**Directions:** Look through the listing and locate every line containing the word "that"; copy those lines.

**Data in this exercise:**
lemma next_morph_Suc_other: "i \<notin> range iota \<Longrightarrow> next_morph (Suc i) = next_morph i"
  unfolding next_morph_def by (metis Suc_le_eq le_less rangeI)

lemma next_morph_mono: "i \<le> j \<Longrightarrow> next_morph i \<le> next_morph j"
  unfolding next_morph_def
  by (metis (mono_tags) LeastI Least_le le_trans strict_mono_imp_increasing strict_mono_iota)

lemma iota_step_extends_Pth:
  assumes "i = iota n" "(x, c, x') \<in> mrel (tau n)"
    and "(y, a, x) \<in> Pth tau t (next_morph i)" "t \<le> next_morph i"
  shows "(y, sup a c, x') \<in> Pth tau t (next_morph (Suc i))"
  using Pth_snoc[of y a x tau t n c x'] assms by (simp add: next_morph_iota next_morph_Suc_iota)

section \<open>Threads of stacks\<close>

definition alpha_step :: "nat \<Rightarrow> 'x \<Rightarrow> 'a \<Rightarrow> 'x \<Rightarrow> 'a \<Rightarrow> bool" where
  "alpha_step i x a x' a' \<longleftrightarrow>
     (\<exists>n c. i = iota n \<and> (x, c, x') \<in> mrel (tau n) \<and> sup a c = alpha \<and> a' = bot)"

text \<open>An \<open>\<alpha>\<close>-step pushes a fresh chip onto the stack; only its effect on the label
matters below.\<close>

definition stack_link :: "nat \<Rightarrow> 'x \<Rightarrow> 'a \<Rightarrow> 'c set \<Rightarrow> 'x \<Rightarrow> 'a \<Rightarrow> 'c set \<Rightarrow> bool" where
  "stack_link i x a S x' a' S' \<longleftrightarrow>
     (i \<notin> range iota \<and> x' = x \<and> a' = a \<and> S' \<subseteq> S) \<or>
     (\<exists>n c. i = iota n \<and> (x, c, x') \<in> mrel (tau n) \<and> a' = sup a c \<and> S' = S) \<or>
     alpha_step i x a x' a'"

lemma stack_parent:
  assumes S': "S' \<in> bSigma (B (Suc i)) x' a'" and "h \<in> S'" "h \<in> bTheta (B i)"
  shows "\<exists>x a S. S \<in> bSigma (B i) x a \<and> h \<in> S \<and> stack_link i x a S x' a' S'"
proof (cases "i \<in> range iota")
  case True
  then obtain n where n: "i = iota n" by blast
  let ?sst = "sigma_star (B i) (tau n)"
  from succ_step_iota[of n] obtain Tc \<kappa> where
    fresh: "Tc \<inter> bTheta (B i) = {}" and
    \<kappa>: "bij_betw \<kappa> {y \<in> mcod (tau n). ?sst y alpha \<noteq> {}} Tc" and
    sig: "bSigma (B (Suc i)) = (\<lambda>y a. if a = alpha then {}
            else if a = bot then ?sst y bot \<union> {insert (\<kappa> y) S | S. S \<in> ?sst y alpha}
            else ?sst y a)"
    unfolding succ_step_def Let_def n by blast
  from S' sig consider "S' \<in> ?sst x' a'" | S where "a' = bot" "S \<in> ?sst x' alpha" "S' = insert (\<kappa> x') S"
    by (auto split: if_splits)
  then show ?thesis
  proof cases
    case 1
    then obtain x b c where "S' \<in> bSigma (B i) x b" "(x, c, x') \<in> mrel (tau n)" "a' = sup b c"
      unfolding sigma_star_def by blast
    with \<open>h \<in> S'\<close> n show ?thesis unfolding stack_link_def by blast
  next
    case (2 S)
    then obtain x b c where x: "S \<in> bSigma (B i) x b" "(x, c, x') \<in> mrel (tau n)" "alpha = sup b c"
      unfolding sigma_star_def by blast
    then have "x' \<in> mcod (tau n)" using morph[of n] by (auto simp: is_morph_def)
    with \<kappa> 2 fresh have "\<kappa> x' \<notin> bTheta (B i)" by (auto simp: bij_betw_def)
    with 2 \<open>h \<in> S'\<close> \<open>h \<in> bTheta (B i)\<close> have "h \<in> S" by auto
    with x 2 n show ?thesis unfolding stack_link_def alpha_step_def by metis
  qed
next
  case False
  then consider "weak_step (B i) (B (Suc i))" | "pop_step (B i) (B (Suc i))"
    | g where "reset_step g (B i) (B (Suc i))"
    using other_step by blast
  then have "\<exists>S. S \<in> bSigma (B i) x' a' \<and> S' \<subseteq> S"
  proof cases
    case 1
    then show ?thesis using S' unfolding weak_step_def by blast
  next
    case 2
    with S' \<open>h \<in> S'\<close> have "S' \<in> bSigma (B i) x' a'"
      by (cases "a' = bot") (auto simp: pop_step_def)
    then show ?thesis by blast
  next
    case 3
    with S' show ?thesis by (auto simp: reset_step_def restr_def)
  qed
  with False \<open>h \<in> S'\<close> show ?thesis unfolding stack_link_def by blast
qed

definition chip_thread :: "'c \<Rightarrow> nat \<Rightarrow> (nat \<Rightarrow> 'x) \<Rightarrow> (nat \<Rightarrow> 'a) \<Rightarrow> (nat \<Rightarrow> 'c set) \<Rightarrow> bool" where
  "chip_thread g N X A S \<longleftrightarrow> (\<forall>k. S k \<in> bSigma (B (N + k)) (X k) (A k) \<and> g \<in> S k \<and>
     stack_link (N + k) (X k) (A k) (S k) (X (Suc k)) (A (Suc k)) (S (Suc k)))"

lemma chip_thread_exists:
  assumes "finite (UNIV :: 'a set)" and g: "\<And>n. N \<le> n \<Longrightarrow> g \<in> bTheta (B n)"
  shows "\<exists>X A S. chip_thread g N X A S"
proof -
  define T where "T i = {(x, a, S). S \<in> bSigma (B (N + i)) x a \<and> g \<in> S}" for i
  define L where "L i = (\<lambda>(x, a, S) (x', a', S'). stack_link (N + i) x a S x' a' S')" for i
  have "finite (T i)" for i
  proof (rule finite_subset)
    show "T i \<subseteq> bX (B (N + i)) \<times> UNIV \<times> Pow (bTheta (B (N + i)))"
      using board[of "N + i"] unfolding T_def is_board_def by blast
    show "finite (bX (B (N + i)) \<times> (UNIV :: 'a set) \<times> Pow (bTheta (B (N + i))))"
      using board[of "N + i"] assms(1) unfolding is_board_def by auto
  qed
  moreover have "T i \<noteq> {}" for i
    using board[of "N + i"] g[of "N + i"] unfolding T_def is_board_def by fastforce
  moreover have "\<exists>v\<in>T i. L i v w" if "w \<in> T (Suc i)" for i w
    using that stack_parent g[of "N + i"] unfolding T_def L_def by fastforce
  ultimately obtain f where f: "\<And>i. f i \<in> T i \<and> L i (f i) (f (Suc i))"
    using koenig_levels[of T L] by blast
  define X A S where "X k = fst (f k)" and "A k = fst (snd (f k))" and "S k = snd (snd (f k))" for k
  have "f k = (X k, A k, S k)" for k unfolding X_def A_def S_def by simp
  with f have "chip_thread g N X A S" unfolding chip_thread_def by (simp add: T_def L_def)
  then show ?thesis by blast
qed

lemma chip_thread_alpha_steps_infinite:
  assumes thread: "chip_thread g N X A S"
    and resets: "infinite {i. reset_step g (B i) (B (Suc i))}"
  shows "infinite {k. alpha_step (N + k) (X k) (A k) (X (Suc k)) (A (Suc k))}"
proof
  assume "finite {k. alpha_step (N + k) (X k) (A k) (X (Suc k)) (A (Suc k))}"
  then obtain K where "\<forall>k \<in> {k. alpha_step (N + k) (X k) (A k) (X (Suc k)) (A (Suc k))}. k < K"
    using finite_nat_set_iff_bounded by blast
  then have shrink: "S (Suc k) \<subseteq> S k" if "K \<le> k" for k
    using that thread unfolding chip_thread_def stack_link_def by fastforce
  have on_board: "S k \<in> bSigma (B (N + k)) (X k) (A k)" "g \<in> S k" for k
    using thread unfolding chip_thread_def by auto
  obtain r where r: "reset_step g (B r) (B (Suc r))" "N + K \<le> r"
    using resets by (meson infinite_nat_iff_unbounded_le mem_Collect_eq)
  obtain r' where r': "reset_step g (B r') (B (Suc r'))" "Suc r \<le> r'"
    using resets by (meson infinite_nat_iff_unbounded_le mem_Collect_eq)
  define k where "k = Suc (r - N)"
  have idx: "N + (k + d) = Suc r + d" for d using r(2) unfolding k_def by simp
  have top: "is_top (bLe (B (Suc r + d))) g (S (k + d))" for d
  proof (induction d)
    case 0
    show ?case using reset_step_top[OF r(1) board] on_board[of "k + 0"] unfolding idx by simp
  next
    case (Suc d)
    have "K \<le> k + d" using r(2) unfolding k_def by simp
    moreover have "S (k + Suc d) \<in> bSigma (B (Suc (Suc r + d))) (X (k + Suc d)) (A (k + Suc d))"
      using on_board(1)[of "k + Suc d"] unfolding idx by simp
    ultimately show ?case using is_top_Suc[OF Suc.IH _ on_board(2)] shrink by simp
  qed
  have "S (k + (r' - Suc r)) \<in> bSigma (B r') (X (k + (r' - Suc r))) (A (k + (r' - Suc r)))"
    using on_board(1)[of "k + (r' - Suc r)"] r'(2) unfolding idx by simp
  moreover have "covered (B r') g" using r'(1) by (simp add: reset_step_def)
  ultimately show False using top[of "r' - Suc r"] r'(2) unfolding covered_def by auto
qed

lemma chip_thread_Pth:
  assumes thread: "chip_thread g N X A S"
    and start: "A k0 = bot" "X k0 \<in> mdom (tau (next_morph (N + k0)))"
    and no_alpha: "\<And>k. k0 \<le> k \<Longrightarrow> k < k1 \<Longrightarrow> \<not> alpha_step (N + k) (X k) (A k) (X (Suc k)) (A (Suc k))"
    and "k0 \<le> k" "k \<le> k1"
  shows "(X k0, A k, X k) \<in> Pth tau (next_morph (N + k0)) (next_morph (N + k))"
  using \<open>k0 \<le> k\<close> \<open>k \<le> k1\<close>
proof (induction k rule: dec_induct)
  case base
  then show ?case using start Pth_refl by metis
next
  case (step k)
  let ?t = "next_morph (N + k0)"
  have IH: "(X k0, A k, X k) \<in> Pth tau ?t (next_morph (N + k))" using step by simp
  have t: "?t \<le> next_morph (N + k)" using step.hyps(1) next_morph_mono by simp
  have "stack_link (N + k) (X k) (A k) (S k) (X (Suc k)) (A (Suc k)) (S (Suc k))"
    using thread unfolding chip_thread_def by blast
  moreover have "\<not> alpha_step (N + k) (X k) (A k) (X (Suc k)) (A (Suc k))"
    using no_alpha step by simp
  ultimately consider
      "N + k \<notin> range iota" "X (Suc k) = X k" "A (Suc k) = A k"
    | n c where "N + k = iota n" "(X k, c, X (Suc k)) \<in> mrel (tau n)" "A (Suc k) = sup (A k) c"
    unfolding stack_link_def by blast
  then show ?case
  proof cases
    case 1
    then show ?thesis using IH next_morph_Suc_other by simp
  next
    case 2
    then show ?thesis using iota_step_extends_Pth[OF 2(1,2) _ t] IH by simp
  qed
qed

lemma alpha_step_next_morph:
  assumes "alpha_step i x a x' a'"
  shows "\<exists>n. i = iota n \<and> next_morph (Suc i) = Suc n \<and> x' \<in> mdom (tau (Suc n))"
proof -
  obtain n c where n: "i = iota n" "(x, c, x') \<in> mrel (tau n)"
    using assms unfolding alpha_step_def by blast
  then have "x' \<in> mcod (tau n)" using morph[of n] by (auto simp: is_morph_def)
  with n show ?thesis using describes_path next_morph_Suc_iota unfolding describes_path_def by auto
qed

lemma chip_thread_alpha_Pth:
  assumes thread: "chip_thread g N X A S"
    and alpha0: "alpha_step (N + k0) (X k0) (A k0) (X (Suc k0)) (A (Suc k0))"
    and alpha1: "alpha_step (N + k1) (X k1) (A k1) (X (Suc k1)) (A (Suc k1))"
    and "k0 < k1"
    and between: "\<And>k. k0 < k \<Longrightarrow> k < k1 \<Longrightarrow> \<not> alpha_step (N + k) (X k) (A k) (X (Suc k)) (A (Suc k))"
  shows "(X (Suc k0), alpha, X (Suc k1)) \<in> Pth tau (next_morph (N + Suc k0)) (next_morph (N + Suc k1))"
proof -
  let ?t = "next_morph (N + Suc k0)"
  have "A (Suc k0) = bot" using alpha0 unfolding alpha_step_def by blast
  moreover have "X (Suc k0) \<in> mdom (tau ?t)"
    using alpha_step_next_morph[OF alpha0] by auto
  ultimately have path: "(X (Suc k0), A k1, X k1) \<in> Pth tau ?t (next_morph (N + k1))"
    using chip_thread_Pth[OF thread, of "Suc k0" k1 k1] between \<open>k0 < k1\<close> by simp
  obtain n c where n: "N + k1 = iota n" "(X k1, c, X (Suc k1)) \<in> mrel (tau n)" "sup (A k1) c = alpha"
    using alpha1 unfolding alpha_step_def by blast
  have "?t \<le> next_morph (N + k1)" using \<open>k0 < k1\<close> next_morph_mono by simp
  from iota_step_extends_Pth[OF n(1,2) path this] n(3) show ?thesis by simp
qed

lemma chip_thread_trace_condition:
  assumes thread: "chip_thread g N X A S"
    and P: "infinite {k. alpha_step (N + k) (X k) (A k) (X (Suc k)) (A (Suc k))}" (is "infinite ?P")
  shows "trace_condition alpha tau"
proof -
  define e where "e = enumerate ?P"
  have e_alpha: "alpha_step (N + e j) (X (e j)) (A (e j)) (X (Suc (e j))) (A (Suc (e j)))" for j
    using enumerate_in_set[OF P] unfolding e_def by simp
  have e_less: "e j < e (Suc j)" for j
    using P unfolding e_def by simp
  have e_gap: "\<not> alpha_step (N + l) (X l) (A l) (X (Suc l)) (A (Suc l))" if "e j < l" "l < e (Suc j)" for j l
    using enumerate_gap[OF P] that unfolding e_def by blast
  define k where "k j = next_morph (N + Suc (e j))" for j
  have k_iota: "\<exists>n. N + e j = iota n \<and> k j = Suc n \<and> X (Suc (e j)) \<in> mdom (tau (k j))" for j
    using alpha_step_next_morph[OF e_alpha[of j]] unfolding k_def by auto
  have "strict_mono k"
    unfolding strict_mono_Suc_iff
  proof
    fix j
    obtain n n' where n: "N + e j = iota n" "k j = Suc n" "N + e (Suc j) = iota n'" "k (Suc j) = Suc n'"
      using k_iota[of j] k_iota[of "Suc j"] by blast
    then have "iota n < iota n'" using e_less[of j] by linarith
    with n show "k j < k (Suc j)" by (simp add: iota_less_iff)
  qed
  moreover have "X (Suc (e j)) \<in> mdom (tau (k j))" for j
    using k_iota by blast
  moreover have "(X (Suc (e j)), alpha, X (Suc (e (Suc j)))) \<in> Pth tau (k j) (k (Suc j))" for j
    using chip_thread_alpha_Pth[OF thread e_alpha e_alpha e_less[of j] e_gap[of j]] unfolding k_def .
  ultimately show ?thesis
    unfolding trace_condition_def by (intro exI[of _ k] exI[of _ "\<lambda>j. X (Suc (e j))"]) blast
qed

**Problem solution:**
    using that stack_parent g[of "N + i"] unfolding T_def L_def by fastforce
    using that thread unfolding chip_thread_def stack_link_def by fastforce
    using enumerate_gap[OF P] that unfolding e_def by blast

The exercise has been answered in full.